Instructions to follow: Below are some records. Return exactly the lines from the one containing "(\<forall>a b c." through the one containing "(\<forall>a b. S", both included, and only those.

Records for this task:
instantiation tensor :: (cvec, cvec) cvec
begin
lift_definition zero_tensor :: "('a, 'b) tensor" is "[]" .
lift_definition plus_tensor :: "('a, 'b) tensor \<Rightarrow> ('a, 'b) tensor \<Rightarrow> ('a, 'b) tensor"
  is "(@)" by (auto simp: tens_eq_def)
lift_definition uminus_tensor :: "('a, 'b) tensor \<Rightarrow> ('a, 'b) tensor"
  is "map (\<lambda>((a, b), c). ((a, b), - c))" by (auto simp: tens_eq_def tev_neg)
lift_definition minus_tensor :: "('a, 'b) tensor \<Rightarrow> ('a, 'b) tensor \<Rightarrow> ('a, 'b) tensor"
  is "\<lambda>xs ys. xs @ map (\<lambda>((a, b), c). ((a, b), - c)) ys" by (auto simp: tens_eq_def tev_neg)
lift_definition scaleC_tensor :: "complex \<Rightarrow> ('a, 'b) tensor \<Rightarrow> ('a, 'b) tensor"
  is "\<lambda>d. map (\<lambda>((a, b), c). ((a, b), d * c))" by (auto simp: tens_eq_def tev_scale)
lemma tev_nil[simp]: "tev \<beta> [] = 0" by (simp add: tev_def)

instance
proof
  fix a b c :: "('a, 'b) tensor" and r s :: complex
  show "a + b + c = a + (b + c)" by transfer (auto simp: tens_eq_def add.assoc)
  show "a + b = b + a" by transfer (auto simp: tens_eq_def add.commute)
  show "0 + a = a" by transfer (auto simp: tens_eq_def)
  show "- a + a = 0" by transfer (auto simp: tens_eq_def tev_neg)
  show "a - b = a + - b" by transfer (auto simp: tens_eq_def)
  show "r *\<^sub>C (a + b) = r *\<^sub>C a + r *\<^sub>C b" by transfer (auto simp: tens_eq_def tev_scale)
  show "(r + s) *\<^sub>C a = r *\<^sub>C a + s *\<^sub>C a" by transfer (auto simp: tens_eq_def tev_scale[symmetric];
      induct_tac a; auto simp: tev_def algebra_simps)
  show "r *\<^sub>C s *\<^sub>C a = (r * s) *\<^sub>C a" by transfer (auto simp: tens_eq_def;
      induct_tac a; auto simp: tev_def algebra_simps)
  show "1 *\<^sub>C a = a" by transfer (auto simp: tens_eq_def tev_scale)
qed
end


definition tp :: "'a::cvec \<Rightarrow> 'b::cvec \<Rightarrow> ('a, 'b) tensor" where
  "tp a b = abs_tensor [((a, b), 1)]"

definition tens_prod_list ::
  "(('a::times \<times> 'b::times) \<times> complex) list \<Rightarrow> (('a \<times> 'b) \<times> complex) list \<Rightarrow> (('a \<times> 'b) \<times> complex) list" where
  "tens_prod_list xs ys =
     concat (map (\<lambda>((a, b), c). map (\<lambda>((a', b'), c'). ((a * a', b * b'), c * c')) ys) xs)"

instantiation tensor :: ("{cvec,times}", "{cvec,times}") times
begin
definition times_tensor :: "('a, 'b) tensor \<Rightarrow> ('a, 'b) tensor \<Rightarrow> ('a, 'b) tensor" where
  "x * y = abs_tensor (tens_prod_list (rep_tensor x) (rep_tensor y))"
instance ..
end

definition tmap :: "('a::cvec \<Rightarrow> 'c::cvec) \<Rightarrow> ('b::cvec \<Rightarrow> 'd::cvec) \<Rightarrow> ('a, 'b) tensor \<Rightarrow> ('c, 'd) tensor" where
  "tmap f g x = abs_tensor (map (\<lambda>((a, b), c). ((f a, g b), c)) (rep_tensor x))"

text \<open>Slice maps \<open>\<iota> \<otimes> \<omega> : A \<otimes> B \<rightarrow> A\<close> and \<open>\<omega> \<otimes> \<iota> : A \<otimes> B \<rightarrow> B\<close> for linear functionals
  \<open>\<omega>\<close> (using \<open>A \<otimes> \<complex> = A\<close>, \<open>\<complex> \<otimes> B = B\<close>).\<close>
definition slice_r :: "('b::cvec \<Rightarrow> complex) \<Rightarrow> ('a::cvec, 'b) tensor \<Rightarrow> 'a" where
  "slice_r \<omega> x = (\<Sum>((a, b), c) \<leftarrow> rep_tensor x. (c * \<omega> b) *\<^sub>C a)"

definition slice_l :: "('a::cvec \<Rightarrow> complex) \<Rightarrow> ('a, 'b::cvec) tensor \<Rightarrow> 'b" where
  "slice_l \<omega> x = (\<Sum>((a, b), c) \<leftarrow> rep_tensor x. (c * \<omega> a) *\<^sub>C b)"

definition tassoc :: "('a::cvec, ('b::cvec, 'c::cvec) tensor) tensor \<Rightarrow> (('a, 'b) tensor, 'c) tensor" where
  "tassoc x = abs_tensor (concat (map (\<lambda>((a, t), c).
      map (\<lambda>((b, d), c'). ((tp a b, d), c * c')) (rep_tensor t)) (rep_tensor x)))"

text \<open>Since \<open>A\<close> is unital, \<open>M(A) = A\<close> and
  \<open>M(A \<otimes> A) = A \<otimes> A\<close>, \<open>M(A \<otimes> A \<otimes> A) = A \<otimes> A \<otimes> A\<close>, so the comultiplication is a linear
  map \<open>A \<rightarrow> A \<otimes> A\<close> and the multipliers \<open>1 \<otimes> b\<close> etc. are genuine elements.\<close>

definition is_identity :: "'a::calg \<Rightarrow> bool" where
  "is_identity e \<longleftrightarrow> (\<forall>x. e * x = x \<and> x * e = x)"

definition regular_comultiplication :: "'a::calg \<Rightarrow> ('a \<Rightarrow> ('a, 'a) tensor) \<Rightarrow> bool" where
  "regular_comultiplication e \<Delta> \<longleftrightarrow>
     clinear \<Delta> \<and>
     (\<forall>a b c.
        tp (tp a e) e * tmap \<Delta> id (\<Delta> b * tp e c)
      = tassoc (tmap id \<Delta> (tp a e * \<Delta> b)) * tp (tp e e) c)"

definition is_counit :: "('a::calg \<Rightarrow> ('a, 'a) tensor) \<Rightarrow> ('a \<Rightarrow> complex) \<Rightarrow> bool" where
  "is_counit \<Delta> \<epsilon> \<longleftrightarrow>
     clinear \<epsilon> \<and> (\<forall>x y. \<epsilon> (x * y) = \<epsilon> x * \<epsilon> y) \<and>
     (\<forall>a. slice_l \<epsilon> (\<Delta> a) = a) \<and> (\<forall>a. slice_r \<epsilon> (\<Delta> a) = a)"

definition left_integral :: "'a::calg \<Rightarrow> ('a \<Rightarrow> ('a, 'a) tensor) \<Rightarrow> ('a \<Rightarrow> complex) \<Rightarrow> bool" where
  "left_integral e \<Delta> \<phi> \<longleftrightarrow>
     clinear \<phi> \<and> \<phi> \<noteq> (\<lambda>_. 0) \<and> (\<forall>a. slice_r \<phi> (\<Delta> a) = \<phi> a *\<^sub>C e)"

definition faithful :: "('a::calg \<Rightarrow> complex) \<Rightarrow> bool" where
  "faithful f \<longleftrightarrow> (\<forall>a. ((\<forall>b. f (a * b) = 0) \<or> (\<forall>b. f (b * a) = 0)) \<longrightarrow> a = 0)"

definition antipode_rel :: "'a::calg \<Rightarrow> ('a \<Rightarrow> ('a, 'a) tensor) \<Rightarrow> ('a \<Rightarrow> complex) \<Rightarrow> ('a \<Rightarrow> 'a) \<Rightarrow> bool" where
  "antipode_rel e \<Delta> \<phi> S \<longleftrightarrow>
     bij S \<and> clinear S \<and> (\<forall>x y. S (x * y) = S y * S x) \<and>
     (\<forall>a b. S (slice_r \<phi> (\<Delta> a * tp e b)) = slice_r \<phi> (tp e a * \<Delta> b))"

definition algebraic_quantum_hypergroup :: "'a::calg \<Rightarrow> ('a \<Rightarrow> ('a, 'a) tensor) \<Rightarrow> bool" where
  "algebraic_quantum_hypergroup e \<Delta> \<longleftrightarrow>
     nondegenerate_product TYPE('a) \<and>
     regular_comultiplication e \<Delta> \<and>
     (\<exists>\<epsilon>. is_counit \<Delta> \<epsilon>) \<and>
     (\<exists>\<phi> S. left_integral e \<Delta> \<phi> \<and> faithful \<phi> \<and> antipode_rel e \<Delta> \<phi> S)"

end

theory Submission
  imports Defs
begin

Exercise response:
     (\<forall>a b c.
        tp (tp a e) e * tmap \<Delta> id (\<Delta> b * tp e c)
      = tassoc (tmap id \<Delta> (tp a e * \<Delta> b)) * tp (tp e e) c)"

definition is_counit :: "('a::calg \<Rightarrow> ('a, 'a) tensor) \<Rightarrow> ('a \<Rightarrow> complex) \<Rightarrow> bool" where
  "is_counit \<Delta> \<epsilon> \<longleftrightarrow>
     clinear \<epsilon> \<and> (\<forall>x y. \<epsilon> (x * y) = \<epsilon> x * \<epsilon> y) \<and>
     (\<forall>a. slice_l \<epsilon> (\<Delta> a) = a) \<and> (\<forall>a. slice_r \<epsilon> (\<Delta> a) = a)"

definition left_integral :: "'a::calg \<Rightarrow> ('a \<Rightarrow> ('a, 'a) tensor) \<Rightarrow> ('a \<Rightarrow> complex) \<Rightarrow> bool" where
  "left_integral e \<Delta> \<phi> \<longleftrightarrow>
     clinear \<phi> \<and> \<phi> \<noteq> (\<lambda>_. 0) \<and> (\<forall>a. slice_r \<phi> (\<Delta> a) = \<phi> a *\<^sub>C e)"

definition faithful :: "('a::calg \<Rightarrow> complex) \<Rightarrow> bool" where
  "faithful f \<longleftrightarrow> (\<forall>a. ((\<forall>b. f (a * b) = 0) \<or> (\<forall>b. f (b * a) = 0)) \<longrightarrow> a = 0)"

definition antipode_rel :: "'a::calg \<Rightarrow> ('a \<Rightarrow> ('a, 'a) tensor) \<Rightarrow> ('a \<Rightarrow> complex) \<Rightarrow> ('a \<Rightarrow> 'a) \<Rightarrow> bool" where
  "antipode_rel e \<Delta> \<phi> S \<longleftrightarrow>
     bij S \<and> clinear S \<and> (\<forall>x y. S (x * y) = S y * S x) \<and>
     (\<forall>a b. S (slice_r \<phi> (\<Delta> a * tp e b)) = slice_r \<phi> (tp e a * \<Delta> b))"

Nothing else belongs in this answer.